• _Data shown_
•••

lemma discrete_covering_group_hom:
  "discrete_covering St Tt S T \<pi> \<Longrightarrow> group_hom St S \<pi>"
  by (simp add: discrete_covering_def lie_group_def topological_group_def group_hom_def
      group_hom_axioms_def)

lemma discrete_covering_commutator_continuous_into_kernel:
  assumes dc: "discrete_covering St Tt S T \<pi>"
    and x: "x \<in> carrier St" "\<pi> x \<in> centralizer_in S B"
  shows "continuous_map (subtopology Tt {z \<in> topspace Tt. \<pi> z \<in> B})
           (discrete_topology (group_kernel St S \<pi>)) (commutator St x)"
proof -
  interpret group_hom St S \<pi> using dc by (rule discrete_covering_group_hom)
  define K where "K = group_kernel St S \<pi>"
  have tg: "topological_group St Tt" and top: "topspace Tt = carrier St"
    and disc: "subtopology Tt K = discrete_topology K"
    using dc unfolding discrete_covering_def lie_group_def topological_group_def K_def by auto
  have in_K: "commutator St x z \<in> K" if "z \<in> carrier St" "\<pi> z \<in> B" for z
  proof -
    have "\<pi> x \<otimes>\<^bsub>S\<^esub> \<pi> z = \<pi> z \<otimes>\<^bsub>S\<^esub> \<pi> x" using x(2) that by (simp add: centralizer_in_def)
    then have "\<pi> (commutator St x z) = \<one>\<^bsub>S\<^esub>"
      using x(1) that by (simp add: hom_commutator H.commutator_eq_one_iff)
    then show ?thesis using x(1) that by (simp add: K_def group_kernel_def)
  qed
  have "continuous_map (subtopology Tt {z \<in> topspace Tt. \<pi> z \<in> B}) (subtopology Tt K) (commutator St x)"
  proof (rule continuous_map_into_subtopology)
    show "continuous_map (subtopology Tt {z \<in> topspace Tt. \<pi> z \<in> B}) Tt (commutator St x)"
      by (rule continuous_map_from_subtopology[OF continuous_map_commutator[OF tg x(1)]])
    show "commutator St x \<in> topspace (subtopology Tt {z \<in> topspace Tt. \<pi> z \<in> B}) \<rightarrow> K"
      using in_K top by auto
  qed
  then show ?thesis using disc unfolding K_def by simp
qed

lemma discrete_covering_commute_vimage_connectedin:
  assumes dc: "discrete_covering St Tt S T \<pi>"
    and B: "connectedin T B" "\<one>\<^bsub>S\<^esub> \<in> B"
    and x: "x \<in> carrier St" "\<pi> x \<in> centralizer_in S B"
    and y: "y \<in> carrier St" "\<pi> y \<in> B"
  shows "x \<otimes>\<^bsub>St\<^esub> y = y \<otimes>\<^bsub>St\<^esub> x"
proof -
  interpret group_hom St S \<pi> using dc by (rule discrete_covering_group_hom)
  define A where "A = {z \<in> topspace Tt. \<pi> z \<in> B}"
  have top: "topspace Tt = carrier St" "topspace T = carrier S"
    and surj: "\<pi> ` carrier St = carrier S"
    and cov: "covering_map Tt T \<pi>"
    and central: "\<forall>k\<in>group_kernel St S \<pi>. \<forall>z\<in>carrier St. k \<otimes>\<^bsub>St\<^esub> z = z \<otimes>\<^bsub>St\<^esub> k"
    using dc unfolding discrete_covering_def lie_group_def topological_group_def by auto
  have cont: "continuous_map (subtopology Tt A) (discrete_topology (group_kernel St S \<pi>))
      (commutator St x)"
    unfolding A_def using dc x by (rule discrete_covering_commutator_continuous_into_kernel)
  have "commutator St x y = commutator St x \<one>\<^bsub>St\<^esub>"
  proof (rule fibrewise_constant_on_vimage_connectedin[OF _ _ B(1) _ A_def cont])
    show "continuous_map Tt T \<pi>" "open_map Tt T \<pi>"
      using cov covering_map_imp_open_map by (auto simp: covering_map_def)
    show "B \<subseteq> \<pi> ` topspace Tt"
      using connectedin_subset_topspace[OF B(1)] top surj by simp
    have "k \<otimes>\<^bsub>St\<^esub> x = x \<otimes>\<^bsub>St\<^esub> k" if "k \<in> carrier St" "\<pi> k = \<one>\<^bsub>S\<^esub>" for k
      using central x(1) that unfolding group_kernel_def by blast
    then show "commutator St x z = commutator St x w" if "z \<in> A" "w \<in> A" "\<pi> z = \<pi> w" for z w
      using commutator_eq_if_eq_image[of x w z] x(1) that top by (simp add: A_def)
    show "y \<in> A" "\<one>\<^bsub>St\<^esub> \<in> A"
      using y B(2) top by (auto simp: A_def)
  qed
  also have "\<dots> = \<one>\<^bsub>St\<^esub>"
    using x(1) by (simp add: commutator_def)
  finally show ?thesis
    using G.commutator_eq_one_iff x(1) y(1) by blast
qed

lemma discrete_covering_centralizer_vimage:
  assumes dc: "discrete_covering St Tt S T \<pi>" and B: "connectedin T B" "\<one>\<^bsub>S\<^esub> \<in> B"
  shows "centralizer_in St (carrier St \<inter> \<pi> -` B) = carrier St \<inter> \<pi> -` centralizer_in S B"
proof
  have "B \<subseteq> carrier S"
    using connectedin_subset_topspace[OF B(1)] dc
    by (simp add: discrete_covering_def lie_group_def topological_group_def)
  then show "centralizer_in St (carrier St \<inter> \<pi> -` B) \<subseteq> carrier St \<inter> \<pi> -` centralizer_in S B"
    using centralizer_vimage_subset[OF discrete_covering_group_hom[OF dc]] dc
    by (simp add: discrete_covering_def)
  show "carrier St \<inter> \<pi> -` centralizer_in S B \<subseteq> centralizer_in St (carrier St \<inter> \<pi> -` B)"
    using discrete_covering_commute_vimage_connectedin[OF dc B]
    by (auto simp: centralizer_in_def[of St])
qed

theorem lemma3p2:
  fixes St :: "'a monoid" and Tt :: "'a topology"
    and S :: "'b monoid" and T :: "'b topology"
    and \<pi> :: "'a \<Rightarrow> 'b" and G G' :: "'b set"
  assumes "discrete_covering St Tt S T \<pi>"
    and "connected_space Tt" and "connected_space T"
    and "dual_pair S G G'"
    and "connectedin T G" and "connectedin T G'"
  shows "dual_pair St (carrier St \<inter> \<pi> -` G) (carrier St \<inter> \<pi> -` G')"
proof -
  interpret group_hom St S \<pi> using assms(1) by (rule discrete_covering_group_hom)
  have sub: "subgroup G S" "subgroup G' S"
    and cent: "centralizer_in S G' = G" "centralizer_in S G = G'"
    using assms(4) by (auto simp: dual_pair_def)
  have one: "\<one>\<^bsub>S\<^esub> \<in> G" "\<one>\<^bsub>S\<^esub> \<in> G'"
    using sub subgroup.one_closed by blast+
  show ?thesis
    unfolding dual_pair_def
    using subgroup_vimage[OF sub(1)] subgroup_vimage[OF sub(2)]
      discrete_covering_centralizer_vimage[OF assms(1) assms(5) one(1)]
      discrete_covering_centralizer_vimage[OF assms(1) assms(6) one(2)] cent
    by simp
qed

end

•••

• _Assigned task_
Retype the lines beginning at the one containing "G) (carrier St" and ending at the final line of the material, both included.

• _Exercise response_
  shows "dual_pair St (carrier St \<inter> \<pi> -` G) (carrier St \<inter> \<pi> -` G')"
proof -
  interpret group_hom St S \<pi> using assms(1) by (rule discrete_covering_group_hom)
  have sub: "subgroup G S" "subgroup G' S"
    and cent: "centralizer_in S G' = G" "centralizer_in S G = G'"
    using assms(4) by (auto simp: dual_pair_def)
  have one: "\<one>\<^bsub>S\<^esub> \<in> G" "\<one>\<^bsub>S\<^esub> \<in> G'"
    using sub subgroup.one_closed by blast+
  show ?thesis
    unfolding dual_pair_def
    using subgroup_vimage[OF sub(1)] subgroup_vimage[OF sub(2)]
      discrete_covering_centralizer_vimage[OF assms(1) assms(5) one(1)]
      discrete_covering_centralizer_vimage[OF assms(1) assms(6) one(2)] cent
    by simp
qed

end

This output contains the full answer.